Is it true that if the decomposition of $ \lambda^* \otimes \omega \otimes \lambda $ into irreducibles has no copies of the trivial representation then it must be the case that $$ w_1^* Tw_2=0 $$ for all $ w_1,w_2 \in W $ and $ T \in R $?
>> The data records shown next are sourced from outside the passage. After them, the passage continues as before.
(* Let $G$ be an $H(4,3)$-free graph and $u^*\in V(G)$. Put $N=N(u^* )$, $W=V(G)\setminus N[u^*]$, and $A^{+}=\{v\in N: v \text{ has at least one neighbor in } N\}$. Assume that $G[A^{+}]\cong K_4$ and that every vertex of $W$ has at most one neighbor in $A^{+}$. Let $U=\{w\in W: w \text{ has exactly one neighbor in } A^{+}\}$. Then \[ e(A^{+},W)=|U|\le \alpha(G[W]). \]
   Context: $H(4,3)$ is the graph obtained from a $4$-cycle and a triangle by identifying one vertex of the $4$-cycle with one vertex of the triangle; $H(4,3)$-free means containing no subgraph isomorphic to $H(4,3)$. $N[u^*]=N(u^* )\cup\{u^*\}$. For disjoint vertex sets $X,Y$, $e(X,Y)$ is the number of edges with one end in $X$ and the other in $Y$. $\alpha(H)$ denotes the independence number of $H$, and $G[W]$ is the subgraph induced by $W$. *)

theory Defs
  imports Main
begin

definition simple_graph :: "'a set \<Rightarrow> ('a \<Rightarrow> 'a \<Rightarrow> bool) \<Rightarrow> bool" where
  "simple_graph V E \<longleftrightarrow> finite V \<and> (\<forall>x y. E x y \<longrightarrow> x \<in> V \<and> y \<in> V)
     \<and> (\<forall>x y. E x y \<longrightarrow> E y x) \<and> (\<forall>x. \<not> E x x)"

definition nbhd :: "'a set \<Rightarrow> ('a \<Rightarrow> 'a \<Rightarrow> bool) \<Rightarrow> 'a \<Rightarrow> 'a set" where
  "nbhd V E u = {v \<in> V. E u v}"

definition closed_nbhd :: "'a set \<Rightarrow> ('a \<Rightarrow> 'a \<Rightarrow> bool) \<Rightarrow> 'a \<Rightarrow> 'a set" where
  "closed_nbhd V E u = insert u (nbhd V E u)"

definition H43_free :: "'a set \<Rightarrow> ('a \<Rightarrow> 'a \<Rightarrow> bool) \<Rightarrow> bool" where
  "H43_free V E \<longleftrightarrow> \<not> (\<exists>a b c d e f. distinct [a, b, c, d, e, f]
      \<and> {a, b, c, d, e, f} \<subseteq> V
      \<and> E a b \<and> E b c \<and> E c d \<and> E d a \<and> E a e \<and> E e f \<and> E f a)"

text \<open>e(X,Y) for disjoint X, Y: number of edges xy with x in X, y in Y.\<close>
definition edges_between :: "('a \<Rightarrow> 'a \<Rightarrow> bool) \<Rightarrow> 'a set \<Rightarrow> 'a set \<Rightarrow> nat" where
  "edges_between E X Y = card {(x, y). x \<in> X \<and> y \<in> Y \<and> E x y}"

definition independent :: "('a \<Rightarrow> 'a \<Rightarrow> bool) \<Rightarrow> 'a set \<Rightarrow> bool" where
  "independent E S \<longleftrightarrow> (\<forall>x\<in>S. \<forall>y\<in>S. \<not> E x y)"

definition indep_number :: "('a \<Rightarrow> 'a \<Rightarrow> bool) \<Rightarrow> 'a set \<Rightarrow> nat" where
  "indep_number E W = Max {card S | S. S \<subseteq> W \<and> independent E S}"

definition induced_complete :: "('a \<Rightarrow> 'a \<Rightarrow> bool) \<Rightarrow> 'a set \<Rightarrow> nat \<Rightarrow> bool" where
  "induced_complete E A n \<longleftrightarrow> finite A \<and> card A = n \<and> (\<forall>x\<in>A. \<forall>y\<in>A. x \<noteq> y \<longrightarrow> E x y)"

end

theory Submission
  imports Defs
begin

lemma H43_freeD:
  assumes "H43_free V E" "distinct [a, b, c, d, e, f]" "{a, b, c, d, e, f} \<subseteq> V"
    and "E a b" "E b c" "E c d" "E d a" "E a e" "E e f" "E f a"
  shows False
  using assms unfolding H43_free_def by blast

lemma two_elements_avoiding:
  assumes "finite A" "4 \<le> card A"
  obtains b c where "b \<in> A" "c \<in> A" "b \<noteq> c" "b \<notin> {x, y}" "c \<notin> {x, y}"
proof -
  have "card A - card {x, y} \<le> card (A - {x, y})"
    by (rule diff_card_le_card_Diff) simp
  moreover have "card {x, y} \<le> 2"
    by (simp add: card_insert_le_m1)
  ultimately have "2 \<le> card (A - {x, y})"
    using assms(2) by linarith
  then obtain T where "T \<subseteq> A - {x, y}" "card T = 2"
    by (rule obtain_subset_with_card_n)
  then show thesis
    using that by (auto simp: card_2_iff)
qed

lemma edges_between_eq_sum:
  assumes "finite X" "finite Y"
  shows "edges_between E X Y = (\<Sum>y\<in>Y. card {x \<in> X. E x y})"
proof -
  have "{(x, y). x \<in> X \<and> y \<in> Y \<and> E x y} = prod.swap ` (SIGMA y:Y. {x \<in> X. E x y})"
    by force
  then have "edges_between E X Y = card (SIGMA y:Y. {x \<in> X. E x y})"
    unfolding edges_between_def by (simp add: card_image swap_inj_on)
  then show ?thesis
    using assms by simp
qed

lemma sum_le_one_eq_card:
  fixes f :: "'a \<Rightarrow> nat"
  assumes "finite Y" "\<forall>y\<in>Y. f y \<le> 1"
  shows "(\<Sum>y\<in>Y. f y) = card {y \<in> Y. f y = 1}"
proof -
  have "(\<Sum>y\<in>Y. f y) = (\<Sum>y\<in>Y. if f y = 1 then 1 else 0)"
    using assms(2) by (intro sum.cong) (auto simp: le_Suc_eq)
  also have "\<dots> = card {y \<in> Y. f y = 1}"
    using assms(1) by (simp add: sum.If_cases Int_def)
  finally show ?thesis .
qed

lemma independent_card_le_indep_number:
  assumes "finite W" "S \<subseteq> W" "independent E S"
  shows "card S \<le> indep_number E W"
  unfolding indep_number_def
proof (rule Max_ge)
  have "{card S |S. S \<subseteq> W \<and> independent E S} \<subseteq> card ` Pow W"
    by auto
  then show "finite {card S |S. S \<subseteq> W \<and> independent E S}"
    using assms(1) by (meson finite_Pow_iff finite_imageI finite_subset)
  show "card S \<in> {card S |S. S \<subseteq> W \<and> independent E S}"
    using assms(2,3) by auto
qed

text \<open>If the common neighbours coincide, the edge closes a triangle on it while two further
  clique vertices and the centre give the 4-cycle; otherwise the edge lies on a 4-cycle
  through both neighbours and two further clique vertices give the triangle.\<close>

lemma H43_free_clique_neighbours_nonadjacent:
  assumes G: "simple_graph V E" and free: "H43_free V E"
    and u: "u \<in> V" and K: "K \<subseteq> nbhd V E u" "induced_complete E K n" "4 \<le> n"
    and w: "w1 \<in> V - closed_nbhd V E u" "w2 \<in> V - closed_nbhd V E u"
    and a: "a1 \<in> K" "a2 \<in> K" "E w1 a1" "E w2 a2"
  shows "\<not> E w1 w2"
proof
  assume w12: "E w1 w2"
  have sym: "\<And>x y. E x y \<Longrightarrow> E y x" and irr: "\<And>x. \<not> E x x"
    using G unfolding simple_graph_def by blast+
  have Ku: "\<And>x. x \<in> K \<Longrightarrow> x \<in> V \<and> E u x"
    using K(1) unfolding nbhd_def by auto
  have clique: "\<And>x y. x \<in> K \<Longrightarrow> y \<in> K \<Longrightarrow> x \<noteq> y \<Longrightarrow> E x y"
    using K(2) unfolding induced_complete_def by blast
  have wV: "w1 \<in> V" "w2 \<in> V" "w1 \<noteq> u" "w2 \<noteq> u" "\<not> E u w1" "\<not> E u w2"
    using w unfolding closed_nbhd_def nbhd_def by auto
  have notK: "x \<noteq> w1" "x \<noteq> w2" "x \<noteq> u" if "x \<in> K" for x
    using Ku[OF that] wV irr by auto
  have "w1 \<noteq> w2"
    using w12 irr by blast
  obtain b c where bc: "b \<in> K" "c \<in> K" "b \<noteq> c" "b \<notin> {a1, a2}" "c \<notin> {a1, a2}"
    using two_elements_avoiding K(2,3) unfolding induced_complete_def by (metis dual_order.trans)
  show False
  proof (cases "a1 = a2")
    case True
    show False
    proof (rule H43_freeD[OF free, of a1 b u c w1 w2])
      show "distinct [a1, b, u, c, w1, w2]"
        using bc a notK[of a1] notK[of b] notK[of c] \<open>w1 \<noteq> w2\<close> wV by auto
    qed (use a bc True Ku clique sym wV u w12 in \<open>auto\<close>)
  next
    case False
    show False
    proof (rule H43_freeD[OF free, of a1 w1 w2 a2 b c])
      show "distinct [a1, w1, w2, a2, b, c]"
        using bc a notK[of a1] notK[of a2] notK[of b] notK[of c] \<open>w1 \<noteq> w2\<close> False by auto
    qed (use a bc False Ku clique sym wV w12 in \<open>auto\<close>)
  qed
qed

theorem corollary4p3:
  fixes V :: "'a set" and E :: "'a \<Rightarrow> 'a \<Rightarrow> bool" and u :: 'a
  assumes "simple_graph V E"
    and "H43_free V E"
    and "u \<in> V"
    and "Ap = {v \<in> nbhd V E u. \<exists>x \<in> nbhd V E u. E v x}"
    and "W = V - closed_nbhd V E u"
    and "induced_complete E Ap 4"
    and "\<forall>w\<in>W. card {a \<in> Ap. E w a} \<le> 1"
    and "U = {w \<in> W. card {a \<in> Ap. E w a} = 1}"
  shows "edges_between E Ap W = card U \<and> card U \<le> indep_number E W"
proof
  have sym: "\<And>x y. E x y \<longleftrightarrow> E y x" and "finite V"
    using assms(1) unfolding simple_graph_def by blast+
  then have fin: "finite Ap" "finite W"
    using assms(5,6) unfolding induced_complete_def by auto
  have "edges_between E Ap W = (\<Sum>w\<in>W. card {a \<in> Ap. E w a})"
    using edges_between_eq_sum[OF fin] sym by simp
  also have "\<dots> = card U"
    using sum_le_one_eq_card[OF fin(2) assms(7)] assms(8) by simp
  finally show "edges_between E Ap W = card U" .
  have indep: "independent E U"
    unfolding independent_def
  proof (intro ballI)
    fix w1 w2 assume "w1 \<in> U" "w2 \<in> U"
    moreover have "\<exists>a \<in> Ap. E w a" if "w \<in> U" for w
      using that assms(8) card_gt_0_iff[of "{a \<in> Ap. E w a}"] by auto
    ultimately obtain a1 a2 where "a1 \<in> Ap" "E w1 a1" "a2 \<in> Ap" "E w2 a2" "w1 \<in> W" "w2 \<in> W"
      using assms(8) by blast
    then show "\<not> E w1 w2"
      using H43_free_clique_neighbours_nonadjacent[OF assms(1-3) _ assms(6)] assms(4,5)
      by auto
  qed
  have "U \<subseteq> W"
    using assms(8) by blast
  then show "card U \<le> indep_number E W"
    using independent_card_le_indep_number[OF fin(2)] indep by blast
qed

end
Context: This appears to be a form of/ related to/ generalization of/ what physicists call the Wigner-Eckart theorem. https://en.wikipedia.org/wiki/Wigner%E2%80%93Eckart_theorem
Consider the representation $ (W^* \otimes R \otimes W, \lambda^* \otimes \omega \otimes \lambda) $. The map $$ W^* \otimes R \otimes W \to \mathbb{C} $$ given by $$ w_1 \otimes T \otimes w_2 \mapsto w_1^*Tw_2 $$ is a homomorphism of $ G $ representations. In particular note that the action of $ g $ here is by $$ g \cdot (w_1^* \otimes T \otimes w_2) =(g \cdot w_1^*) \otimes (g \cdot T) \otimes (g \cdot w_2)=(w_1^* g^*) g T g^* (g w_2)=w_1^* T w_2 $$ so the action of $ g $ on $ \mathbb{C} $ is trivial. So the image of this irrep must be either the trivial rep $ \mathbb{C} $ or the zero rep $ 0 $. But a completely reducible representation can only have a quotient which is the identity irrep $ \mathbb{C} $ if it already includes a copy of the identity irrep. Thus if $ \lambda^* \otimes \omega \otimes \lambda $ does not include a copy of the trivial irrep then the quotient cannot be the trivial irrep and thus must be the $ 0 $ representation. In other words we have $$ w_1^*Tw_2=0 $$ for all $ w_1,w_2 \in W $ and $ T \in R $ if there are no copies of the trivial irrep in $ \lambda^* \otimes \omega \otimes \lambda $.